lemma cartesian_decomposition_iff_class_codes:
  assumes fin: "finite S" and sub: "\<And>\<pi>. \<pi> \<in> set L \<Longrightarrow> \<pi> \<subseteq> S \<times> S"
  shows "bij_betw (\<lambda>a. map (\<lambda>\<pi>. \<pi> `` {a}) L) S (listset (map (\<lambda>\<pi>. S // \<pi>) L)) \<longleftrightarrow>
    bij_betw (\<lambda>a. \<lambda>j\<in>{..<length L}. class_code (L ! j) a) S (PiE {..<length L} (\<lambda>j. enc_classes S (L ! j)))"
proof -
  note B = bij_betw_listset_quotients_PiE[OF fin sub]
  have img: "(\<lambda>a. map (\<lambda>\<pi>. \<pi> `` {a}) L) ` S \<subseteq> listset (map (\<lambda>\<pi>. S // \<pi>) L)"
    by (auto simp: in_listset_iff quotientI)
  have "bij_betw (\<lambda>a. map (\<lambda>\<pi>. \<pi> `` {a}) L) S (listset (map (\<lambda>\<pi>. S // \<pi>) L)) \<longleftrightarrow>
    bij_betw ((\<lambda>xs. \<lambda>j\<in>{..<length L}. set_encode (xs ! j)) \<circ> (\<lambda>a. map (\<lambda>\<pi>. \<pi> `` {a}) L)) S
      (PiE {..<length L} (\<lambda>j. enc_classes S (L ! j)))"
    by (rule bij_betw_comp_iff2[OF B img])
  also have "(\<lambda>xs. \<lambda>j\<in>{..<length L}. set_encode (xs ! j)) \<circ> (\<lambda>a. map (\<lambda>\<pi>. \<pi> `` {a}) L) =
     (\<lambda>a. \<lambda>j\<in>{..<length L}. class_code (L ! j) a)"
    by (auto simp: fun_eq_iff class_code_def)
  finally show ?thesis .
qed

section \<open>Field quotients of a finite product of fields\<close>

lemma field_product_cone_epi:
  fixes R :: "nat ring" and K :: "nat \<Rightarrow> nat ring"
  assumes "field_product_cone R n K pr" "finite (carrier R)" "i < n"
  shows "finite_ring_epi R (K i) (pr i)"
proof -
  interpret field_product_cone R n K pr by fact
  show ?thesis
    by (rule finite_ring_epi.intro[OF cring.axioms(1)[OF cring_R] cring.axioms(1)[OF cring_factor]
          proj_hom proj_surj assms(2)]) (use assms(3) in simp_all)
qed

lemma field_kernelE:
  fixes R :: "nat ring" and K :: "nat \<Rightarrow> nat ring"
  assumes "field_product_cone R n K pr" "finite (carrier R)" "\<pi> \<in> field_kernels R"
  obtains i where "i < n" "\<pi> = ker_rel R (pr i)" "finite_ring_epi R (K i) (pr i)"
proof -
  interpret field_product_cone R n K pr by fact
  obtain i where i: "i < n" "\<pi> = ker_rel R (pr i)" using assms(3) field_kernels_eq[OF assms(1)] by blast
  then show thesis using field_product_cone_epi[OF assms(1,2) i(1)] that by blast
qed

════

__WHAT YOU SHOULD DO__:
The answer must be every line of the entries that includes the word "assms".

__EXERCISE ANSWER__:
          proj_hom proj_surj assms(2)]) (use assms(3) in simp_all)
  obtain i where i: "i < n" "\<pi> = ker_rel R (pr i)" using assms(3) field_kernels_eq[OF assms(1)] by blast
  then show thesis using field_product_cone_epi[OF assms(1,2) i(1)] that by blast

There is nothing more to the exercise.